Сам будущий лингвист, как и многие одарённые дети, был учеником непростым, а может быть давала знать о себе горячая кровь бабушки – актрисы армянского происхождения. Впрочем, несмотря на некоторую эксцентричность в поведении, Кнорозов блестяще учился, играя, кроме того, на скрипке, рисуя и сочиняя стихи.
Маленький Юра со своей скрипкой
Несмотря на будущие научные успехи, учёный по жизни не растерял этот запал, то и дело ставя в тупик даже собственных сотрудников. После того как на него обрушилась слава, появилось множество желающих взять у Кнорозова интервью, что очень отвлекало учёного от работы. В один из таких случаев он закрылся от хрупкой интервьюерши на ключ, в выделенном под интервью помещении, а после и вовсе испарился из аудитории через… форточку. Зато к огорошенной журналистке явился заметивший выпрыгнувшего из окна человека наряд милиции. В другой раз Кнорозов надел на глаз повязку и предстал перед объективами газетной делегации в облике пирата.

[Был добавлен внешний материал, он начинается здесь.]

(* Let $\mathcal{G}$ be a linear $3$-partite $3$-graph with vertex classes $\mathcal{A},\mathcal{B},\mathcal{C}$ (every hyperedge has exactly one vertex in each class). Let $G$ be a simple bipartite graph with parts $A=\binom{\mathcal{A}}{2}$ and $B=\binom{\mathcal{B}}{2}$ such that for every edge of $G$ between $\{a_1,a_2\}\in A$ and $\{b_1,b_2\}\in B$ there is some $c\in\mathcal{C}$ with $a_1b_1c,\ a_2b_2c\in E(\mathcal{G})$, or there is some $c'\in\mathcal{C}$ with $a_1b_2c',\ a_2b_1c'\in E(\mathcal{G})$. Let $k\ge t\ge 4$ be integers, and suppose $F$ is a $2$-degenerate subgraph of $G$ with $k$ vertices and $2k-t$ edges. Then $\mathcal{G}$ contains a subgraph $\mathcal{F}$ such that (1) $|V(\mathcal{F})|-4t\le |E(\mathcal{F})|\le 4k$, and (2) either $|E(\mathcal{F})|\ge 4k-10^4t^3$ or $|E(\mathcal{F})|\ge |V(\mathcal{F})|>0$.
   Context: A $3$-graph is linear if any two distinct hyperedges share at most one vertex. A graph is $2$-degenerate if its vertices can be ordered $v_1,\dots,v_k$ so that each $v_i$ has at most $2$ neighbours among $v_1,\dots,v_{i-1}$. A subgraph $\mathcal{F}$ of $\mathcal{G}$ consists of a vertex set $V(\mathcal{F})\subseteq V(\mathcal{G})$ and a set $E(\mathcal{F})\subseteq E(\mathcal{G})$ of hyperedges each contained in $V(\mathcal{F})$ (isolated vertices allowed). *)

theory Defs
  imports Main
begin

definition tripartite_3graph :: "'a set \<Rightarrow> 'a set \<Rightarrow> 'a set \<Rightarrow> 'a set set \<Rightarrow> bool" where
  "tripartite_3graph Aa Bb Cc E \<longleftrightarrow>
     finite Aa \<and> finite Bb \<and> finite Cc \<and>
     Aa \<inter> Bb = {} \<and> Aa \<inter> Cc = {} \<and> Bb \<inter> Cc = {} \<and>
     (\<forall>e\<in>E. \<exists>a\<in>Aa. \<exists>b\<in>Bb. \<exists>c\<in>Cc. e = {a, b, c})"

definition linear_hg :: "'a set set \<Rightarrow> bool" where
  "linear_hg E \<longleftrightarrow> (\<forall>e\<in>E. \<forall>f\<in>E. e \<noteq> f \<longrightarrow> card (e \<inter> f) \<le> 1)"

definition two_degenerate :: "'v set \<Rightarrow> ('v \<times> 'v) set \<Rightarrow> bool" where
  "two_degenerate V E \<longleftrightarrow>
     (\<exists>vs. distinct vs \<and> set vs = V \<and>
        (\<forall>i<length vs. card {j. j < i \<and> ((vs!j, vs!i) \<in> E \<or> (vs!i, vs!j) \<in> E)} \<le> 2))"

end

theory Submission imports Defs begin

(* Every edge {a1, a2} {b1, b2} of F is witnessed by two hyperedges a1 b1 c and a2 b2 c through a
   common apex c; call them the cells of the edge. The subgraph consists of all cells, on the
   vertex set Z of F (the vertices of A and B lying in pairs of F) together with the apexes, so it
   has at most 2 |E(F)| <= 4k hyperedges. Each cell contains exactly one apex, and by linearity an
   edge is determined by its apex and either of its two pairs; hence if m cells pass through an
   apex c, at most binom(m, 2) edges have apex c.
   Run through a 2-degenerate ordering of F. When a vertex z first occurs, in the pair P, each
   earlier neighbour of P contributes the cell of the joining edge that contains z, and by
   linearity all these cells are distinct. As P has at most two new vertices and at most two
   earlier neighbours, this gives 2 |Z| + 2 |E(F)| <= #cells + 4k; since each apex lies in at least
   two cells, the subgraph has at most #cells + t vertices. If it has more vertices than cells, the cells exceed twice the number of
   apexes by less than 2t, and the binomial bound then forces #cells >= 4k - O(t^2). *)

lemma linear_hg_eqI:
  assumes "linear_hg E" "x \<in> E" "y \<in> E" "finite x"
    and "u \<in> x" "u \<in> y" "v \<in> x" "v \<in> y" "u \<noteq> v"
  shows "x = y"
proof (rule ccontr)
  assume "x \<noteq> y"
  then have "card (x \<inter> y) \<le> 1"
    using assms(1-3) by (auto simp: linear_hg_def)
  moreover have "card {u, v} \<le> card (x \<inter> y)"
    using assms(4-8) by (intro card_mono) auto
  ultimately show False
    using \<open>u \<noteq> v\<close> by simp
qed

definition earlier_nbrs :: "('v \<times> 'v) set \<Rightarrow> 'v list \<Rightarrow> nat \<Rightarrow> nat set" where
  "earlier_nbrs R vs i = {j. j < i \<and> ((vs ! j, vs ! i) \<in> R \<or> (vs ! i, vs ! j) \<in> R)}"

lemma two_degenerate_iff:
  "two_degenerate V R \<longleftrightarrow>
     (\<exists>vs. distinct vs \<and> set vs = V \<and> (\<forall>i<length vs. card (earlier_nbrs R vs i) \<le> 2))"
  by (simp add: two_degenerate_def earlier_nbrs_def)

definition edge_between :: "('v \<times> 'v) set \<Rightarrow> 'v \<Rightarrow> 'v \<Rightarrow> 'v \<times> 'v" where
  "edge_between R P Q = (if (P, Q) \<in> R then (P, Q) else (Q, P))"

lemma edge_between_earlier_nbr:
  assumes "j \<in> earlier_nbrs R vs i"
  shows "j < i" "edge_between R (vs ! i) (vs ! j) \<in> R"
    "edge_between R (vs ! i) (vs ! j) \<in> {(vs ! i, vs ! j), (vs ! j, vs ! i)}"
  using assms by (auto simp: earlier_nbrs_def edge_between_def)

lemma card_le_sum_earlier_nbrs:
  assumes "asym R" "R \<subseteq> set vs \<times> set vs"
  shows "card R \<le> (\<Sum>i<length vs. card (earlier_nbrs R vs i))"
proof -
  define D where "D = (SIGMA i:{..<length vs}. earlier_nbrs R vs i)"
  define e where "e = (\<lambda>(i, j). edge_between R (vs ! i) (vs ! j))"
  have fin: "finite (earlier_nbrs R vs i)" for i
    by (simp add: earlier_nbrs_def)
  have "R \<subseteq> e ` D"
  proof (rule subrelI)
    fix P Q assume PQ: "(P, Q) \<in> R"
    then have "P \<in> set vs" "Q \<in> set vs"
      using assms(2) by auto
    then obtain p q where pq: "p < length vs" "vs ! p = P" "q < length vs" "vs ! q = Q"
      by (auto simp: in_set_conv_nth)
    have "p \<noteq> q"
      using PQ pq asymD[OF assms(1)] by blast
    show "(P, Q) \<in> e ` D"
    proof (cases "q < p")
      case True
      then have "(p, q) \<in> D" "e (p, q) = (P, Q)"
        using PQ pq by (auto simp: D_def e_def earlier_nbrs_def edge_between_def)
      then show ?thesis by force
    next
      case False
      then have "(q, p) \<in> D" "e (q, p) = (P, Q)"
        using PQ pq \<open>p \<noteq> q\<close> asymD[OF assms(1) PQ]
        by (auto simp: D_def e_def earlier_nbrs_def edge_between_def)
      then show ?thesis by force
    qed
  qed
  then have "card R \<le> card (e ` D)"
    by (rule card_mono[rotated]) (simp add: D_def fin)
  also have "\<dots> \<le> card D"
    by (rule card_image_le) (simp add: D_def fin)
  also have "\<dots> = (\<Sum>i<length vs. card (earlier_nbrs R vs i))"
    by (simp add: D_def card_SigmaI fin)
  finally show ?thesis .
qed

definition first_index :: "'v set list \<Rightarrow> 'v \<Rightarrow> nat" where
  "first_index vs z = (LEAST i. z \<in> vs ! i)"

lemma first_index_le: "z \<in> vs ! j \<Longrightarrow> first_index vs z \<le> j"
  by (simp add: first_index_def Least_le)

lemma first_index:
  assumes "z \<in> \<Union>(set vs)"
  shows "first_index vs z < length vs" "z \<in> vs ! first_index vs z"
proof -
  obtain i where i: "i < length vs" "z \<in> vs ! i"
    using assms by (auto simp: in_set_conv_nth)
  show "z \<in> vs ! first_index vs z"
    unfolding first_index_def by (rule LeastI[of _ i]) (rule i(2))
  show "first_index vs z < length vs"
    using first_index_le[OF i(2)] i(1) by simp
qed

lemma sum_first_index_bound:
  assumes "\<forall>P\<in>set vs. finite P \<and> card P \<le> 2" "\<forall>i<length vs. d i \<le> 2"
  shows "2 * card (\<Union>(set vs)) + 2 * (\<Sum>i<length vs. d i)
           \<le> (\<Sum>z\<in>\<Union>(set vs). d (first_index vs z)) + 4 * length vs"
proof -
  define Z where "Z = \<Union>(set vs)"
  define n where "n i = card {z \<in> Z. first_index vs z = i}" for i
  have finZ: "finite Z"
    using assms(1) by (auto simp: Z_def)
  have idx: "first_index vs z < length vs" "z \<in> vs ! first_index vs z" if "z \<in> Z" for z
    using that unfolding Z_def by (rule first_index)+
  then have img: "first_index vs ` Z \<subseteq> {..<length vs}"
    by auto
  have "card Z = (\<Sum>i<length vs. n i)"
    using sum.group[OF finZ _ img, of "\<lambda>_. 1::nat"] by (simp add: n_def)
  moreover have "(\<Sum>z\<in>Z. d (first_index vs z)) = (\<Sum>i<length vs. n i * d i)"
    using sum.group[OF finZ _ img, of "\<lambda>z. d (first_index vs z)"] by (simp add: n_def)
  moreover have "2 * n i + 2 * d i \<le> n i * d i + 4" if "i < length vs" for i
    \<comment> \<open>that is, \<open>(2 - n i) * (2 - d i) \<ge> 0\<close>\<close>
  proof -
    have "{z \<in> Z. first_index vs z = i} \<subseteq> vs ! i"
      using idx(2) by auto
    moreover have "finite (vs ! i)" "card (vs ! i) \<le> 2"
      using assms(1) that by simp_all
    ultimately have "n i \<le> 2"
      unfolding n_def by (meson card_mono order_trans)
    moreover have "d i \<le> 2"
      using assms(2) that by blast
    ultimately show ?thesis
      by (auto simp: le_Suc_eq numeral_2_eq_2)
  qed
  then have "(\<Sum>i<length vs. 2 * n i + 2 * d i) \<le> (\<Sum>i<length vs. n i * d i + 4)"
    by (intro sum_mono) simp
  ultimately show ?thesis
    by (simp add: Z_def sum.distrib sum_distrib_left)
qed

lemma sum_mult_pred_le:
  fixes m :: "'b \<Rightarrow> nat"
  assumes "finite S"
  shows "(\<Sum>x\<in>S. m x * (m x - 1))
           \<le> (\<Sum>x\<in>S. m x) + (\<Sum>x\<in>S. m x - 2) * ((\<Sum>x\<in>S. m x - 2) + 2)"
proof -
  define Y where "Y = (\<Sum>x\<in>S. m x - 2)"
  have "m x * (m x - 1) \<le> m x + (m x - 2) * (Y + 2)" if "x \<in> S" for x
  proof (cases "m x < 2")
    case True
    then show ?thesis by (cases "m x") auto
  next
    case False
    then obtain n where n: "m x = n + 2"
      by (metis add.commute le_Suc_ex not_less)
    have "n \<le> Y"
      unfolding Y_def using member_le_sum[OF that _ assms, of "\<lambda>x. m x - 2"] n by simp
    then have "(n + 2) * n \<le> n * (Y + 2)"
      by (simp add: mult.commute mult_right_mono)
    then show ?thesis
      using n by (simp add: algebra_simps)
  qed
  then have "(\<Sum>x\<in>S. m x * (m x - 1)) \<le> (\<Sum>x\<in>S. m x + (m x - 2) * (Y + 2))"
    by (rule sum_mono)
  then show ?thesis
    by (simp add: Y_def sum.distrib sum_distrib_right)
qed

locale realised_graph =
  fixes Aa Bb Cc :: "'a set" and E :: "'a set set" and EF :: "('a set \<times> 'a set) set"
    and a1 a2 b1 b2 apex :: "'a set \<times> 'a set \<Rightarrow> 'a"
  assumes tripartite: "tripartite_3graph Aa Bb Cc E" and linear: "linear_hg E"
    and realised: "\<And>f. f \<in> EF \<Longrightarrow> fst f = {a1 f, a2 f} \<and> snd f = {b1 f, b2 f} \<and> a1 f \<noteq> a2 f \<and>
        fst f \<subseteq> Aa \<and> snd f \<subseteq> Bb \<and> apex f \<in> Cc \<and>
        {a1 f, b1 f, apex f} \<in> E \<and> {a2 f, b2 f, apex f} \<in> E"
begin
(* Consider the following convex (second-order cone) optimal control problem for $N$ electric vehicles (EVs) charged through a single transformer over $K$ time steps $k=0,\dots,K-1$. The decision variables are the charging currents $i_n(k)$, states of charge $s_n(k+1)$ ($n=1,\dots,N$), total currents $i_{\text{total}}(k)$, auxiliary variables $e(k)$, and transformer temperatures $T(k+1)$: \begin{align*} \min\;& \sum_{n=1}^N\sum_{k=0}^{K-1} q_n\,(s_n(k+1)-1)^2 + r_n\,(i_n(k))^2\\ \text{s.t. }& T(k+1)=\tau T(k)+\gamma e(k)+\rho T_a(k),\\ & e(k)\ge (i_{\text{total}}(k))^2,\\ & s_n(k+1)=s_n(k)+\eta_n i_n(k),\\ & i_{\text{total}}(k)=i_d(k)+\sum_{n=1}^N i_n(k),\\ & T(k+1)\le T^{\max},\\ & s_n(k+1)\in[\hat s_n(k+1),\,1],\\ & i_n(k)\in[0,\,i_n^{\max}],\\ & T(0)=T_{\text{meas}},\quad s_n(0)=s_{\text{meas},n}, \end{align*} for all $k=0,\dots,K-1$ and $n=1,\dots,N$. Fix EV parameters $r_n\ge 0$ and $\eta_n,q_n>0$. When $r_n>0$, let $M_n\doteq \frac{q_n}{r_n}\eta_n^2$. Suppose that at an optimal solution of this problem there exist an index $n$ and a time step $k$ such that $i_n(k)<i_n^{\max}$ and $$s_n(k+1)<\begin{cases}1 & \text{if } r_n=0,\\[2pt] \dfrac{M_n+s_n(0)}{M_n+1} & \text{if } r_n>0.\end{cases}$$ Then $e(l)=(i_{\text{total}}(l))^2$ for all $l\le k$.
   Context: The problem arises from a discrete-time transformer hot-spot temperature model $T(k+1)=\tau T(k)+\gamma (i_{\text{total}}(k))^2+\rho T_a(k)$, in which the quadratic equality has been relaxed to the epigraph inequality $e(k)\ge (i_{\text{total}}(k))^2$. The parameters are as follows: - $\tau=e^{-b\Delta t}\in(0,1)$ for some $b,\Delta t>0$, and $\rho=1-\tau$; - $\gamma>0$; - $T_a(k)$ is a given (shifted) ambient temperature sequence; - $i_d(k)\ge 0$ is a given background current; - $T^{\max}$ is the transformer temperature limit; - $i_n^{\max}>0$ is the current limit of EV $n$; - $\eta_n>0$ is the normalized charging ratio of EV $n$; - $s_{\text{meas},n}\in[0,1]$ is the measured initial state of charge and $T_{\text{meas}}$ the measured initial temperature; - $\hat s_n(k+1)=\bar s_n$ if $k+1\ge \bar k_n$ and $\hat s_n(k+1)=0$ otherwise, where $\bar s_n\in[0,1]$ is a minimum required state of charge and $\bar k_n\in\{0,\dots,K\}$ the latest time step by which it must be reached. *)

theory Defs
  imports Complex_Main
begin

text \<open>EVs are indexed by n < N (0-based), time steps by k < K.
  Variables: i n k (charging current), s n k (state of charge, k = 0..K),
  itot k, e k (k < K), T k (k = 0..K).\<close>

definition shat :: "(nat \<Rightarrow> real) \<Rightarrow> (nat \<Rightarrow> nat) \<Rightarrow> nat \<Rightarrow> nat \<Rightarrow> real" where
  "shat sbar kbar n j = (if kbar n \<le> j then sbar n else 0)"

От сельского учителя к учёному с мировым именем
После семилетки Юрий доучился на рабфаке и поступил на исторический факультет Харьковского Государственного Университета, где его и застала война. В армию Кнорозова не взяли, но сочли возможным отправить на строительство укреплений, где он и попал в окружение. Прежде недоедавший из-за потраченных на книги денег студент, стал скитаться по области, скрываясь от оккупационных властей, голодая уже всерьёз. Когда советские войска взяли Харьков, Юрию с мамой удалось бежать под Воронеж, где из-за серьёзной дистрофии он был опять признан не годным к службе и отправлен учителем в сельскую школу.
В 1943 году Кнорозов переводится в МГУ, где учится на истфаке на кафедре этнографии. Как и многие юноши своего возраста, Юрий увлекается египтологией, но до окончания войны успевает всё-таки вступить в ряды армии. Победа застала его телефонистом резервного полка.
С историей службы Кнорозова связана забавная легенда о том, что Юрий участвовал во взятии Берлина и лично обнаружил книги с перепечатанными кодексами майя. Сам учёный такую версию поднимал на смех, кляня выдумавшего её журналиста, но в статье о Кнорозове писатель Евгений Водолазкин замечает, что человек, имеющий два дня рождения, может иметь и две «непересекающихся», не противоречащих друг другу жизни. Оставим это на его, тяготеющей к магическому реализму, совести…
Впрочем, доля правды в этой истории есть – именно советские военные привезли из подготовленных, но так и не эвакуированных архивов Берлинской библиотеки Розеттский камень майянистики – книгу Диего де Ланды «Сообщение о делах в Юкатане» и гватемальское издание «Кодексов майя».
Впрочем, с именем Ланды для майянистов связаны не только добрые воспоминания – Ланда, принесший на земли майя «веру Христову», первым делом взялся за уничтожение письменных записей, которые вели аборигены, якобы обнаружив в них «ложь и демонов». Испанцы сжигали целые библиотеки и удивлялись тому, как древний народ страдает и мучится при виде подобного аутодафе. Календари, исторические хроники, религиозные трактаты, расчёты движения небесных тел – всё пало под натиском невежественных «просветителей». Так и получилось, что, уничтожив великие памятники эпохи одной рукой, другой – де Ланда сохранил ключ к их расшифровке.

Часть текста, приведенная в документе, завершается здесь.